The external review process will involve sharing the Risk Report with one or more external reviewers within one week of submitting the same report to our Board and LTBT. We will ask the external reviewers to provide public commentary on our report within 30 days of receipt. We will try to work toward a process that involves the full external review being completed prior to Board/LTBT review (and may require this later). For purposes of external review, the only redactions to the Risk Report will be those necessary to comply with legal prohibitions or to maintain our legal rights. We expect that we will also invest some time in answering follow-up questions from parties doing external review.

3.6.3 Contents of external review

The external review will address:

Adequacy of information: Whether the Risk Report contains sufficient information to assess the identified risks;

Analytical rigor: The strength of the Risk Report’s reasoning and analysis;

Areas of disagreement: Whether the external reviewer disagrees with any of the Risk Report’s key claims and, if so, the reasons for any such disagreements; and

Risk reduction recommendations: Recommendations for further reducing identified risks. The external reviewer will also evaluate our redaction decisions while avoiding disclosure of the redacted content itself. In particular, the review will cover:

Redaction scope: The general nature and scope of redactions;

Redaction justification: Whether the external reviewer generally agrees or disagrees with the publicly stated reasons for the redactions and, if relevant, the reasons for any disagreements;

Balancing test: Whether the redactions strike a reasonable balance between Anthropic’s legitimate interests and society’s interest in transparency; and

Materiality: Whether any of the redactions in the public report are material to any of the external reviewer’s substantive disagreements with the report’s claims. 7 For example, we may redact information if sharing it would endanger our legal right to treat it as confidential. This would be an uncommon situation. It does not mean we would redact information merely because it is sensitive or to reduce the risk of a leak. Public comments. We will ask the external reviewer to memorialize its findings on the topics above in a written report that is made public. External reviewers will be bound by obligations not to disclose confidential information (e.g., confidential intellectual property, matters of national security, or proprietary details such as model architecture, cost, or size), but beyond that will not be restricted in what they can publish, including concerns about the Risk Report or Anthropic’s conduct in connection with the external review.

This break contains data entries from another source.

lemma chordal_clique_or_two_simplicial:
  assumes simple: "simple_graph E" and "chordal E" and "finite U"
  shows "is_clique E U \<or> (\<exists>v1 v2. simplicial E U v1 \<and> simplicial E U v2 \<and> v1 \<noteq> v2 \<and> \<not> E v1 v2)"
  using \<open>finite U\<close>
proof (induction rule: finite_psubset_induct)
  case (psubset U)
  have IH: "is_clique E W \<or> (\<exists>v1 v2. simplicial E W v1 \<and> simplicial E W v2 \<and> v1 \<noteq> v2 \<and> \<not> E v1 v2)"
    if "W \<subset> U" for W
    using psubset.IH that .
  show ?case
  proof (cases "is_clique E U")
    case False
    then obtain a b where ab: "a \<in> U" "b \<in> U" "b \<noteq> a" "\<not> E a b"
      unfolding is_clique_def by blast
    have "\<exists>v1. simplicial E U v1 \<and> v1 \<noteq> a \<and> \<not> E a v1"
      using chordal_simplicial_non_neighbour[OF simple \<open>chordal E\<close> IH] ab by blast
    then obtain v1 where v1: "simplicial E U v1" "v1 \<noteq> a" "\<not> E a v1" by blast
    have "v1 \<in> U" using v1(1) unfolding simplicial_def by blast
    have "\<not> E v1 a" using v1(3) simple_graph_sym[OF simple] by blast
    have "\<exists>v2. simplicial E U v2 \<and> v2 \<noteq> v1 \<and> \<not> E v1 v2"
      using chordal_simplicial_non_neighbour[OF simple \<open>chordal E\<close> IH] \<open>v1 \<in> U\<close> ab(1) v1(2)
        \<open>\<not> E v1 a\<close> by blast
    with v1 show ?thesis by blast
  qed simp
qed

lemma chordal_simplicial_exists:
  assumes "simple_graph E" "chordal E" "finite U" "U \<noteq> {}"
  shows "\<exists>v. simplicial E U v"
proof -
  obtain u where "u \<in> U" using \<open>U \<noteq> {}\<close> by blast
  from chordal_clique_or_two_simplicial[OF assms(1-3)] show ?thesis
  proof
    assume "is_clique E U"
    with \<open>u \<in> U\<close> show ?thesis by (blast intro: clique_simplicial)
  qed blast
qed

section \<open>Eliminating a simplicial vertex\<close>

definition left_inverse_on :: "'n set \<Rightarrow> ('n \<Rightarrow> 'n \<Rightarrow> real) \<Rightarrow> ('n \<Rightarrow> 'n \<Rightarrow> real) \<Rightarrow> bool"
  where "left_inverse_on U Y X \<longleftrightarrow>
    (\<forall>i\<in>U. \<forall>k\<in>U. (\<Sum>l\<in>U. Y i l * X l k) = (if i = k then 1 else 0))"
(* The joint policy $\boldsymbol{\pi}^{\text{API}}_{\text{push}}(\beta\mid\boldsymbol{\pi}_{\text{e}}^0)$ returned by the Alternating Policy Iteration (API) scheme started from initial encoder policy $\boldsymbol{\pi}_{\text{e}}^0$ does not always outperform the optimal periodic policy: there exist an instance $\langle\mathcal{S},\mathcal{A},\mathbf{P},r,\gamma,\beta\rangle$ and an initial encoder policy $\boldsymbol{\pi}_{\text{e}}^0$ such that $R_\beta^{\boldsymbol{\pi}^{\text{API}}_{\text{push}}(\beta\mid\boldsymbol{\pi}_{\text{e}}^0)}<R_\beta^{\boldsymbol{\pi}^*_{\text{per}}(\beta)}$.
   Context: Setting: finite state set $\mathcal{S}$, finite control action set $\mathcal{A}$, stochastic matrices $\mathbf{P}^a$ ($a\in\mathcal{A}$), reward $r_{s,s'}(a)$, discount $\gamma\in[0,1)$, communication cost $\beta>0$, initial state distribution. A Markov process evolves as $s_{t+1}\sim P^{a_t}_{s_t,\cdot}$; at each time $t$ either $s_t$ is transmitted to the decoder ($c_t=1$) or not ($c_t=0$); the decoder chooses $a_t=\pi_{\text{d}}(\Delta_t,s_{t-\Delta_t})\in\mathcal{A}$, where $\Delta_t\le T_{\max}$ is the time since the last transmission and $s_{t-\Delta_t}$ the last transmitted state; reward $r_t=r_{s_t,s_{t+1}}(a_t)$. For a joint policy $\boldsymbol{\pi}$, $R_\beta^{\boldsymbol{\pi}}=\mathbb{E}\big[\sum_t\gamma^t(r_t-\beta c_t)\big]$. Periodic policies transmit every $\tau$ steps for a fixed $\tau\in\{0,\dots,T_{\max}\}$; $\boldsymbol{\pi}^*_{\text{per}}(\beta)$ maximizes $R_\beta$ over $\tau$ and $\boldsymbol{\pi}_{\text{d}}$. Push-based policies: an encoder observing $s_t$ decides $c_t=\pi_{\text{e}}(s_t,\Delta_t,s_{t-\Delta_t})$. API scheme: from an initial encoder policy $\boldsymbol{\pi}_{\text{e}}^0$, alternately compute the decoder's best response to the current encoder policy (policy iteration over $\langle\Delta,s\rangle$, with the decoder's belief computed by Bayesian updating that conditions on the encoder not having transmitted) and the encoder's best response to the current decoder policy (policy iteration on the MDP with state $\langle s_t,\Delta_t,s_{t-\Delta_t}\rangle$), until neither policy changes; the output is $\boldsymbol{\pi}^{\text{API}}_{\text{push}}(\beta\mid\boldsymbol{\pi}_{\text{e}}^0)$. *)

theory Defs
  imports Complex_Main
begin

record inst =
  St   :: "nat set"
  Ac   :: "nat set"
  Pr   :: "nat \<Rightarrow> nat \<Rightarrow> nat \<Rightarrow> real"  (* Pr I a s s' = P^a_{s,s'} *)
  rew  :: "nat \<Rightarrow> nat \<Rightarrow> nat \<Rightarrow> real"  (* rew I s s' a = r_{s,s'}(a) *)
  gam  :: real
  cost :: real
  mu0  :: "nat \<Rightarrow> real"
  Tmax :: nat

definition valid_inst :: "inst \<Rightarrow> bool" where
  "valid_inst I \<longleftrightarrow>
     finite (St I) \<and> St I \<noteq> {} \<and> finite (Ac I) \<and> Ac I \<noteq> {} \<and>
     (\<forall>a\<in>Ac I. \<forall>s\<in>St I. (\<forall>s'. 0 \<le> Pr I a s s') \<and> (\<Sum>s'\<in>St I. Pr I a s s') = 1) \<and>
     0 \<le> gam I \<and> gam I < 1 \<and> 0 < cost I \<and>
     (\<forall>s. 0 \<le> mu0 I s) \<and> (\<Sum>s\<in>St I. mu0 I s) = 1"

(* Encoder policy: c_t = e s_t delta z, where s_t is the current state, delta = Delta_{t-1}+1
   is the age the decoder's information would have if nothing is sent at time t, and
   z = s_{t-1-Delta_{t-1}} is the last transmitted state.  True = transmit. *)
type_synonym enc = "nat \<Rightarrow> nat \<Rightarrow> nat \<Rightarrow> bool"
(* Decoder policy: a_t = d Delta_t s_{t-Delta_t}. *)
type_synonym dec = "nat \<Rightarrow> nat \<Rightarrow> nat"

definition X :: "inst \<Rightarrow> (nat \<times> nat \<times> nat) set" where
  "X I = St I \<times> {1..Tmax I + 1} \<times> St I"

(* Transmission is forced when otherwise Delta_t would exceed T_max. *)
definition txc :: "inst \<Rightarrow> nat \<Rightarrow> bool \<Rightarrow> bool" where
  "txc I delta c \<longleftrightarrow> Tmax I < delta \<or> c"

definition age :: "inst \<Rightarrow> nat \<Rightarrow> bool \<Rightarrow> nat" where
  "age I delta c = (if txc I delta c then 0 else delta)"

definition last :: "inst \<Rightarrow> nat \<Rightarrow> nat \<Rightarrow> nat \<Rightarrow> bool \<Rightarrow> nat" where
  "last I s delta z c = (if txc I delta c then s else z)"

definition actn :: "inst \<Rightarrow> dec \<Rightarrow> nat \<Rightarrow> nat \<Rightarrow> nat \<Rightarrow> bool \<Rightarrow> nat" where
  "actn I d s delta z c = d (age I delta c) (last I s delta z c)"

definition gstage :: "inst \<Rightarrow> dec \<Rightarrow> nat \<times> nat \<times> nat \<Rightarrow> bool \<Rightarrow> real" where
  "gstage I d x c = (case x of (s, delta, z) \<Rightarrow>
     (\<Sum>s'\<in>St I. Pr I (actn I d s delta z c) s s' * rew I s s' (actn I d s delta z c))
     - (if txc I delta c then cost I else 0))"

definition kern :: "inst \<Rightarrow> dec \<Rightarrow> nat \<times> nat \<times> nat \<Rightarrow> bool \<Rightarrow> nat \<times> nat \<times> nat \<Rightarrow> real" where
  "kern I d x c y = (case x of (s, delta, z) \<Rightarrow> case y of (s', delta', z') \<Rightarrow>
     (if delta' = age I delta c + 1 \<and> z' = last I s delta z c
      then Pr I (actn I d s delta z c) s s' else 0))"

(* distribution of the extended state at time t under the joint policy (e, d);
   at time 0 the age is T_max+1, which forces the initial transmission *)
fun dist :: "inst \<Rightarrow> enc \<Rightarrow> dec \<Rightarrow> nat \<Rightarrow> nat \<times> nat \<times> nat \<Rightarrow> real" where
  "dist I e d 0 y = (case y of (s, delta, z) \<Rightarrow>
      (if delta = Tmax I + 1 \<and> z = s then mu0 I s else 0))"
| "dist I e d (Suc t) y =
      (\<Sum>x\<in>X I. dist I e d t x * kern I d x (case x of (s, delta, z) \<Rightarrow> e s delta z) y)"

definition Ret :: "inst \<Rightarrow> enc \<Rightarrow> dec \<Rightarrow> real" where
  "Ret I e d = (\<Sum>t. gam I ^ t *
     (\<Sum>x\<in>X I. dist I e d t x * gstage I d x (case x of (s, delta, z) \<Rightarrow> e s delta z)))"

definition valid_dec :: "inst \<Rightarrow> dec \<Rightarrow> bool" where
  "valid_dec I d \<longleftrightarrow> (\<forall>D\<le>Tmax I. \<forall>z\<in>St I. d D z \<in> Ac I)"

definition enc_eq :: "inst \<Rightarrow> enc \<Rightarrow> enc \<Rightarrow> bool" where
  "enc_eq I e e' \<longleftrightarrow> (\<forall>s\<in>St I. \<forall>delta\<in>{1..Tmax I}. \<forall>z\<in>St I. e s delta z = e' s delta z)"

definition dec_eq :: "inst \<Rightarrow> dec \<Rightarrow> dec \<Rightarrow> bool" where
  "dec_eq I d d' \<longleftrightarrow> (\<forall>D\<le>Tmax I. \<forall>z\<in>St I. d D z = d' D z)"

definition dec_br :: "inst \<Rightarrow> enc \<Rightarrow> dec \<Rightarrow> bool" where
  "dec_br I e d \<longleftrightarrow> valid_dec I d \<and> (\<forall>d'. valid_dec I d' \<longrightarrow> Ret I e d' \<le> Ret I e d)"

definition qv :: "inst \<Rightarrow> dec \<Rightarrow> (nat \<times> nat \<times> nat \<Rightarrow> real) \<Rightarrow> nat \<times> nat \<times> nat \<Rightarrow> bool \<Rightarrow> real" where
  "qv I d V x c = gstage I d x c + gam I * (\<Sum>y\<in>X I. kern I d x c y * V y)"

(* Encoder best response to decoder d: an optimal policy of the encoder MDP, i.e. greedy
   w.r.t. the optimal value function (the fixed point of the Bellman optimality operator),
   which is what policy iteration returns. *)
definition enc_br :: "inst \<Rightarrow> dec \<Rightarrow> enc \<Rightarrow> bool" where
  "enc_br I d e \<longleftrightarrow> (\<exists>V. (\<forall>x\<in>X I. V x = max (qv I d V x True) (qv I d V x False)) \<and>
                        (\<forall>x\<in>X I. qv I d V x (case x of (s, delta, z) \<Rightarrow> e s delta z) = V x))"

(* Alternating Policy Iteration started from e0: rounds k = 0,1,...: d_k is a decoder best
   response to e_k, then e_{k+1} is an encoder best response to d_k; the scheme stops after
   the first round n \<ge> 1 in which neither policy changed; output (e_{n+1}, d_n). *)
definition api_output :: "inst \<Rightarrow> enc \<Rightarrow> enc \<Rightarrow> dec \<Rightarrow> bool" where
  "api_output I e0 e d \<longleftrightarrow>
     (\<exists>es ds n. es 0 = e0 \<and> 1 \<le> n \<and>
        (\<forall>k\<le>n. dec_br I (es k) (ds k) \<and> enc_br I (ds k) (es (Suc k))) \<and>
        (\<forall>k. 1 \<le> k \<and> k < n \<longrightarrow> \<not> (dec_eq I (ds k) (ds (k - 1)) \<and> enc_eq I (es (Suc k)) (es k))) \<and>
        dec_eq I (ds n) (ds (n - 1)) \<and> enc_eq I (es (Suc n)) (es n) \<and>
        e = es (Suc n) \<and> d = ds n)"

Governance We commit to the following governance measures to promote internal and external accountability.

Responsible Scaling Officer: We will maintain the position of RSO, a designated member of staff who is responsible for the implementation of this policy. The RSO’s duties will include (but are not limited to): (1) as needed, proposing updates to this policy; (2) approving relevant model development or deployment decisions based on our risk assessments; (3) reviewing major contracts (e.g., deployment partnerships) for consistency with this policy; (4) overseeing the implementation of this policy, including the allocation of sufficient resources; (5) receiving and addressing reports of potential instances of noncompliance; and (6) making judgment calls on policy interpretation and application.

Long Term Benefit Trust: We will regularly brief the LTBT on plans and developments related to our Risk Reports, including model training, capability evals, mitigations, and risk analyses.

Internal transparency: We will share final, unredacted Risk Reports with Anthropic’s regular-clearance staff.

Noncompliance reporting: We will maintain a process for Anthropic staff to submit anonymous or identified reports regarding potential noncompliance with this policy. Staff will have more than one option for who receives these reports, including the RSO, and at least one executive who does not report to the RSO. When we receive a report, we will promptly investigate, take appropriate and proportional corrective action if it is substantiated, and document the report and our findings. We will provide quarterly updates to the Board regarding reports of potential noncompliance, whether substantiated or not. If we determine that a report is (1) substantiated and (2) involves a material safety risk, we will promptly notify the Board and we may provide public notice of the same. Finally, we will protect reporters from retaliation, and where a report concerns the conduct of the RSO, at least one recipient will be a member of the Board.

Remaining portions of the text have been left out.